Saved data entries
=-=-=-=-=

(* Let $p_1\in[0,1]$, $\alpha_1=2p_1-1$, and let $d_n(k)$ and $\tilde S^{(k)}$ be as in the context. Then, as $n\to\infty$, $$\sum_{k=1}^n\mathbb E\big(\tilde S^{(k)}_{d_n(k)}\big)^2=n(1+2\alpha_1^2)+O(\log^2 n).$$
   Context: Let $(u_j)_{j\ge1}$ be independent random variables with $u_j$ uniform on $\{1,\dots,j\}$. For $n\ge k\ge1$ let $d_n(k):=\#\{j\in\{k,\dots,n-1\}:u_j=k\}$ (so $d_n(n)=0$); i.e. $d_n(k)$ is the out-degree of vertex $k$ in the random recursive tree on $\{1,\dots,n\}$ where vertex $j+1$ attaches to $u_j$. Let $(\tilde S^{(k)})_{k\ge1}$ be independent random walks, independent of $(u_j)$, each with $\tilde S^{(k)}_0=0$ and i.i.d. increments equal to $+1$ with probability $p_1$ and $-1$ with probability $1-p_1$. *)

theory Defs
  imports "HOL-Probability.Probability" "HOL-Library.Landau_Symbols"
begin

text \<open>Attachment choices u_1..u_{n-1}, independent, u_j uniform on {1..j}.\<close>
definition rrt_pmf :: "nat \<Rightarrow> (nat \<Rightarrow> nat) pmf" where
  "rrt_pmf n = Pi_pmf {1..<n} 0 (\<lambda>j. pmf_of_set {1..j})"

definition rrt_deg :: "nat \<Rightarrow> (nat \<Rightarrow> nat) \<Rightarrow> nat \<Rightarrow> nat" where
  "rrt_deg n u k = card {j \<in> {k..<n}. u j = k}"

text \<open>Increments of the walks S^(1..n); only the first n steps are needed since d_n(k) < n.
  True means increment +1 (probability p1), False means -1.\<close>
definition walks_pmf :: "real \<Rightarrow> nat \<Rightarrow> (nat \<Rightarrow> nat \<Rightarrow> bool) pmf" where
  "walks_pmf p1 n = Pi_pmf {1..n} (\<lambda>_. False) (\<lambda>k. Pi_pmf {0..<n} False (\<lambda>_. bernoulli_pmf p1))"

definition walk_pos :: "(nat \<Rightarrow> bool) \<Rightarrow> nat \<Rightarrow> int" where
  "walk_pos X m = (\<Sum>i<m. if X i then 1 else -1)"

definition joint_pmf :: "real \<Rightarrow> nat \<Rightarrow> ((nat \<Rightarrow> nat) \<times> (nat \<Rightarrow> nat \<Rightarrow> bool)) pmf" where
  "joint_pmf p1 n = pair_pmf (rrt_pmf n) (walks_pmf p1 n)"

definition sum_second_moments :: "real \<Rightarrow> nat \<Rightarrow> real" where
  "sum_second_moments p1 n = (\<Sum>k=1..n. measure_pmf.expectation (joint_pmf p1 n)
      (\<lambda>(u, X). (real_of_int (walk_pos (X k) (rrt_deg n u k)))^2))"

end

(*
  Given the tree, the walk S^(k) is observed after d = d_n(k) independent steps of mean
  alpha1 and variance 1 - alpha1^2, so its second moment is (1 - alpha1^2) d + alpha1^2 d^2.
  The degree d_n(k) is a sum of independent Bernoulli(1/j) indicators, j = k..n-1, hence
  E d = A_k := sum_{j=k}^{n-1} 1/j and E d^2 = A_k^2 + A_k - sum_{j=k}^{n-1} 1/j^2.
  Summing over k with sum_k A_k = n - 1, sum_k A_k^2 = 2(n - 1) - H_{n-1} and
  sum_k sum_{j>=k} 1/j^2 = H_{n-1} gives the exact value
  (n - 1)(1 + 2 alpha1^2) - 2 alpha1^2 H_{n-1}; the deviation is in fact O(log n).
*)
theory Submission
  imports Defs "HOL-Analysis.Harmonic_Numbers" "HOL-Real_Asymp.Real_Asymp"
begin

lemma
  fixes g :: "'b \<Rightarrow> real"
  assumes "finite A" "i \<in> A"
  shows expectation_Pi_pmf_component:
      "measure_pmf.expectation (Pi_pmf A dflt p) (\<lambda>X. g (X i)) = measure_pmf.expectation (p i) g"
    and integrable_Pi_pmf_component:
      "integrable (measure_pmf (Pi_pmf A dflt p)) (\<lambda>X. g (X i)) \<longleftrightarrow> integrable (measure_pmf (p i)) g"
  using assms integral_map_pmf[of "\<lambda>X. X i" "Pi_pmf A dflt p" g]
    integrable_map_pmf_eq[of "\<lambda>X. X i" "Pi_pmf A dflt p" g]
  by (simp_all add: Pi_pmf_component)

lemma
  fixes f :: "'a \<Rightarrow> 'b \<Rightarrow> real"
  assumes "finite A" "S \<subseteq> A" "\<And>i. i \<in> S \<Longrightarrow> integrable (measure_pmf (p i)) (f i)"
  shows expectation_prod_Pi_pmf_subset:
      "measure_pmf.expectation (Pi_pmf A dflt p) (\<lambda>X. \<Prod>i\<in>S. f i (X i))
       = (\<Prod>i\<in>S. measure_pmf.expectation (p i) (f i))"
    and integrable_prod_Pi_pmf_subset:
      "integrable (measure_pmf (Pi_pmf A dflt p)) (\<lambda>X. \<Prod>i\<in>S. f i (X i))"
proof -
  let ?P = "Pi_pmf A dflt p"
  have S: "finite S" "\<And>i. i \<in> S \<Longrightarrow> i \<in> A"
    using assms(1,2) by (auto intro: finite_subset)
  have indep: "prob_space.indep_vars (measure_pmf ?P) (\<lambda>_. borel) (\<lambda>i X. f i (X i)) S"
    using prob_space.indep_vars_subset[OF measure_pmf.prob_space_axioms
        indep_vars_Pi_pmf[OF assms(1)] assms(2)]
    by (rule prob_space.indep_vars_compose2[OF measure_pmf.prob_space_axioms]) simp
  have integrable: "\<And>i. i \<in> S \<Longrightarrow> integrable (measure_pmf ?P) (\<lambda>X. f i (X i))"
    using assms(1,3) S by (simp add: integrable_Pi_pmf_component)
  show "integrable (measure_pmf ?P) (\<lambda>X. \<Prod>i\<in>S. f i (X i))"
    using S(1) indep integrable by (rule prob_space.indep_vars_integrable[OF measure_pmf.prob_space_axioms])
  have "measure_pmf.expectation ?P (\<lambda>X. \<Prod>i\<in>S. f i (X i))
      = (\<Prod>i\<in>S. measure_pmf.expectation ?P (\<lambda>X. f i (X i)))"
    using S(1) indep integrable by (rule prob_space.indep_vars_lebesgue_integral[OF measure_pmf.prob_space_axioms])
  also have "\<dots> = (\<Prod>i\<in>S. measure_pmf.expectation (p i) (f i))"
    using assms(1) S by (intro prod.cong refl expectation_Pi_pmf_component) auto
  finally show "measure_pmf.expectation ?P (\<lambda>X. \<Prod>i\<in>S. f i (X i))
      = (\<Prod>i\<in>S. measure_pmf.expectation (p i) (f i))" .
qed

=-=-=-=-=

§ **EXERCISE OBJECTIVE**
Which lines above hold the word "Defs"? Copy each of them.

§ **YOUR SOLUTION**
theory Defs
  imports Defs "HOL-Analysis.Harmonic_Numbers" "HOL-Real_Asymp.Real_Asymp"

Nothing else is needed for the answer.